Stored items
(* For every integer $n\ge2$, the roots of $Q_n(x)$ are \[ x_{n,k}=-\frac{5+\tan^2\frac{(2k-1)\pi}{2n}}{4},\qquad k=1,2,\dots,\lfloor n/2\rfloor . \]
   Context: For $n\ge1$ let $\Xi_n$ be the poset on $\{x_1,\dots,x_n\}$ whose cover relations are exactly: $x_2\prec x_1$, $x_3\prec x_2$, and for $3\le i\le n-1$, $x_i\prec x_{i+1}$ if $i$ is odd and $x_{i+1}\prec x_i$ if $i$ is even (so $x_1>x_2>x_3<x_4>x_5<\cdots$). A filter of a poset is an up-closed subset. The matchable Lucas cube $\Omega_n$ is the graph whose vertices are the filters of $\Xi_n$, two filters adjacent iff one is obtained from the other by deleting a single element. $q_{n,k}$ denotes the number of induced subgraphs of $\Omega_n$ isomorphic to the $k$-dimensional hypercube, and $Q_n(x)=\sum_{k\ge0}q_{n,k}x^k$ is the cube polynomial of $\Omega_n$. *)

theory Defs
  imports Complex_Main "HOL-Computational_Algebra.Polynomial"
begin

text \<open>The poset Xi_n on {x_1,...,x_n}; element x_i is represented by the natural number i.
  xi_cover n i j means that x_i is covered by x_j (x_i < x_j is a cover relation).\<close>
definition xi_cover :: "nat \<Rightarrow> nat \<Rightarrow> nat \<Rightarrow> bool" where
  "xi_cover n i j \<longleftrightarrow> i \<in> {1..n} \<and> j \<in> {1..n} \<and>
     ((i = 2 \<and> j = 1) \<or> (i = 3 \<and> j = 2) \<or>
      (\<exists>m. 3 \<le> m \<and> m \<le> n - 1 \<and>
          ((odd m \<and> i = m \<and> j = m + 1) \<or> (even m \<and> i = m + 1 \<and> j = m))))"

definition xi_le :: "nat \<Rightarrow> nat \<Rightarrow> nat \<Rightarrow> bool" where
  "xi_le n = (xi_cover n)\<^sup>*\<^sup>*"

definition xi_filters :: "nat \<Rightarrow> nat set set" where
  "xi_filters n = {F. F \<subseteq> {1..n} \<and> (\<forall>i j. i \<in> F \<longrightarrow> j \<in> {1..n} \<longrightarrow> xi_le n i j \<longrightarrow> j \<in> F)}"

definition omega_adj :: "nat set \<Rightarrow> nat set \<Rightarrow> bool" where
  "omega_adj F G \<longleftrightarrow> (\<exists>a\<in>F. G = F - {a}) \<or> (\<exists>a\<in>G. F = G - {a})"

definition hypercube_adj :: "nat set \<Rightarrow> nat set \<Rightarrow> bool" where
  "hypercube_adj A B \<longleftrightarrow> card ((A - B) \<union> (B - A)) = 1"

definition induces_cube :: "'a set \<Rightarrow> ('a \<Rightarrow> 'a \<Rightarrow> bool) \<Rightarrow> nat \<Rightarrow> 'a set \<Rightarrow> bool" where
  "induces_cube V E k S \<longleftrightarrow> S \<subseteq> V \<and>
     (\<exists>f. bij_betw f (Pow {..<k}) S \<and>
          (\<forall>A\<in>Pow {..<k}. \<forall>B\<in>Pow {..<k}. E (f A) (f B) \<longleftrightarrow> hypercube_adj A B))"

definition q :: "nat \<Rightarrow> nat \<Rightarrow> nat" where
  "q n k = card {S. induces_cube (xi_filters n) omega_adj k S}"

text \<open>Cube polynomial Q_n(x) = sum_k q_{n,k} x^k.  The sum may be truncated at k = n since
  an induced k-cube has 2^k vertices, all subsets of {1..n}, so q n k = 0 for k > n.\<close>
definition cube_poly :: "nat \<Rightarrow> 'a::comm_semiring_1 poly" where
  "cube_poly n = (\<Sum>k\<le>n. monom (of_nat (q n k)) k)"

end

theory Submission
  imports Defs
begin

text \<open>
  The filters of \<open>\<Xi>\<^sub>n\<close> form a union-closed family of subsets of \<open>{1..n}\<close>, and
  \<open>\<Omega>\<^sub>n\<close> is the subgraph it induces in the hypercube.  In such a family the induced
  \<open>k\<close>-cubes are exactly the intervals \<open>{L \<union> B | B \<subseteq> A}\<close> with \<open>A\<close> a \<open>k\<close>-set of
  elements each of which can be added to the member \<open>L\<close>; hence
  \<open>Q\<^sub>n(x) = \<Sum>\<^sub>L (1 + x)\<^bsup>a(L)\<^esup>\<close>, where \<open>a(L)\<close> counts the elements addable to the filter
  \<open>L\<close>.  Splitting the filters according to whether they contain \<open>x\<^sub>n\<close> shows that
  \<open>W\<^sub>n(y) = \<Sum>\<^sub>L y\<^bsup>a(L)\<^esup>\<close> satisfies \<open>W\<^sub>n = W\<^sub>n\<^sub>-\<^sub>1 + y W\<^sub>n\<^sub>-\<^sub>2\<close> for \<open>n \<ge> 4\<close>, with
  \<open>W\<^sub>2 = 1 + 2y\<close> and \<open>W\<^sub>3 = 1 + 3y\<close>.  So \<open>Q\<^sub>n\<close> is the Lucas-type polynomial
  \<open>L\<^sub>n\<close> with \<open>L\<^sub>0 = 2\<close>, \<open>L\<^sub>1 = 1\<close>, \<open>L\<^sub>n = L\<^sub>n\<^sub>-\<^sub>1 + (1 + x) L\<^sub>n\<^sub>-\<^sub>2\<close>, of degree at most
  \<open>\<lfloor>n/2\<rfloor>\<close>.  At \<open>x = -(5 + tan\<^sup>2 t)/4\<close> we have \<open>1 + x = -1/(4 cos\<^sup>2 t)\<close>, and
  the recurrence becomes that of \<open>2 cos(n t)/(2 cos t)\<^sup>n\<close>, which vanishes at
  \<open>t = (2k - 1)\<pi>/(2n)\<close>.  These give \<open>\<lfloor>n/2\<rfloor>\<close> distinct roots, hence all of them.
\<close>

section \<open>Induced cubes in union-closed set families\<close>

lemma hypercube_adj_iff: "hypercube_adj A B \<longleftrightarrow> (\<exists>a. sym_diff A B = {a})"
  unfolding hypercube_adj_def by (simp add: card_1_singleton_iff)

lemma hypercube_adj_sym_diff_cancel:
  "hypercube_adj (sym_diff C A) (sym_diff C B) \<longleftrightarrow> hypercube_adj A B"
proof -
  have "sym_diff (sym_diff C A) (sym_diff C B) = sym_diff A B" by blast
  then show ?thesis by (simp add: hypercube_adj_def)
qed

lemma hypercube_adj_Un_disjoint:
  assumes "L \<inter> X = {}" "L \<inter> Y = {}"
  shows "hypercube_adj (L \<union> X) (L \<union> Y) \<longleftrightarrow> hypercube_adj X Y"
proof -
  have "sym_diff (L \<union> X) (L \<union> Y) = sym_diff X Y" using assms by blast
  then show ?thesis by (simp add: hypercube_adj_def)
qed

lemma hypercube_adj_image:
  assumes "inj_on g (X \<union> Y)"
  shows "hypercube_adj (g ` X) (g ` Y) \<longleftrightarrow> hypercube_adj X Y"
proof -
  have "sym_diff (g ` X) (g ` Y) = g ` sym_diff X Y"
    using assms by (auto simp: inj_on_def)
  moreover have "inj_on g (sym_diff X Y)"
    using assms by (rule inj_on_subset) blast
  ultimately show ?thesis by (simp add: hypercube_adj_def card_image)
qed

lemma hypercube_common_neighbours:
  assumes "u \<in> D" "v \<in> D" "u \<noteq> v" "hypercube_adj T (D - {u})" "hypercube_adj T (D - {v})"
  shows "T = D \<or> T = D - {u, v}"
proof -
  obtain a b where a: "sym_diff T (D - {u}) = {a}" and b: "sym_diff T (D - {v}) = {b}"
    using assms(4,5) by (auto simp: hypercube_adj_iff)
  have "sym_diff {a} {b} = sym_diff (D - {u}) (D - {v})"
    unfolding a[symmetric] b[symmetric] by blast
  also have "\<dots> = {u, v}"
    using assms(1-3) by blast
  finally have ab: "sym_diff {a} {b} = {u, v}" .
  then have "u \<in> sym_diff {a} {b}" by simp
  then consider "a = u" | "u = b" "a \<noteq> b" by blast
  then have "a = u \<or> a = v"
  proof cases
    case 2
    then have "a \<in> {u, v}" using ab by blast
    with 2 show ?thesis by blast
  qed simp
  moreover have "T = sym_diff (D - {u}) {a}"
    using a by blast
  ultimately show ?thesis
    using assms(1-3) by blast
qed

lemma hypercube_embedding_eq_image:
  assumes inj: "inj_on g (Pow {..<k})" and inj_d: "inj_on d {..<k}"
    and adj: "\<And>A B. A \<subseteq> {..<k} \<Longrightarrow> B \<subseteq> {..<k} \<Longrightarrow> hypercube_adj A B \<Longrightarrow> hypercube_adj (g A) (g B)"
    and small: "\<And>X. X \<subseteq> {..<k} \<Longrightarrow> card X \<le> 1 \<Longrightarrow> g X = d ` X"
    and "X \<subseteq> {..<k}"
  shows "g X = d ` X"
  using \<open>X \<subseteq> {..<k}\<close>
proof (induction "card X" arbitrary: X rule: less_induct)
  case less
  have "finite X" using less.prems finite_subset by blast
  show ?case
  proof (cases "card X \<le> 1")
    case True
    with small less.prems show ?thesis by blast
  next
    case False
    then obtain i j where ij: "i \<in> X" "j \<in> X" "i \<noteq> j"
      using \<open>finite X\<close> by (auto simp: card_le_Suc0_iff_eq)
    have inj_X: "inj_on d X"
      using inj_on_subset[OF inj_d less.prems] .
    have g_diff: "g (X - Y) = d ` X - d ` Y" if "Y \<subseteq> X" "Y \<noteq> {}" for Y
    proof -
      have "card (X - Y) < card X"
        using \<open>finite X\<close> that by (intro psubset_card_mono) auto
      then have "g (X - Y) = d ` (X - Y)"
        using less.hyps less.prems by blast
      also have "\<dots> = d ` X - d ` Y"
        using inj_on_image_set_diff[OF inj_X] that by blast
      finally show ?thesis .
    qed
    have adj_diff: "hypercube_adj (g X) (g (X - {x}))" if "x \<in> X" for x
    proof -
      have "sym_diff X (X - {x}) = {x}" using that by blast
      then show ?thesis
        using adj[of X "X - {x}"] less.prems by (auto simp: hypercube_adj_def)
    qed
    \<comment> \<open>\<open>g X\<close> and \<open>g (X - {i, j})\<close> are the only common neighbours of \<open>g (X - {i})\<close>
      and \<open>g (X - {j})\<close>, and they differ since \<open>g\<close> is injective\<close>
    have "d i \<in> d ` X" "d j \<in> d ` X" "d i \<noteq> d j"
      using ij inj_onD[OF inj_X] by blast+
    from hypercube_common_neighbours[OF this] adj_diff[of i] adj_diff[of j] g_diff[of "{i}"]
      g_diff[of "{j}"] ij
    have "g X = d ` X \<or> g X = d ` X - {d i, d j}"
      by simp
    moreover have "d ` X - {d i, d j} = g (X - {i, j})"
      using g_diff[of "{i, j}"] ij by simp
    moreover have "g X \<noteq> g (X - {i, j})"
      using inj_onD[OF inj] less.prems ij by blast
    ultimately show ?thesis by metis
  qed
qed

## Problem statement
The answer is the run of lines above from the line containing "using ij inj_onD[OF inj_X] by blast+" through the line containing "X \<noteq> g", copied exactly and alone.

## Finished exercise
      using ij inj_onD[OF inj_X] by blast+
    from hypercube_common_neighbours[OF this] adj_diff[of i] adj_diff[of j] g_diff[of "{i}"]
      g_diff[of "{j}"] ij
    have "g X = d ` X \<or> g X = d ` X - {d i, d j}"
      by simp
    moreover have "d ` X - {d i, d j} = g (X - {i, j})"
      using g_diff[of "{i, j}"] ij by simp
    moreover have "g X \<noteq> g (X - {i, j})"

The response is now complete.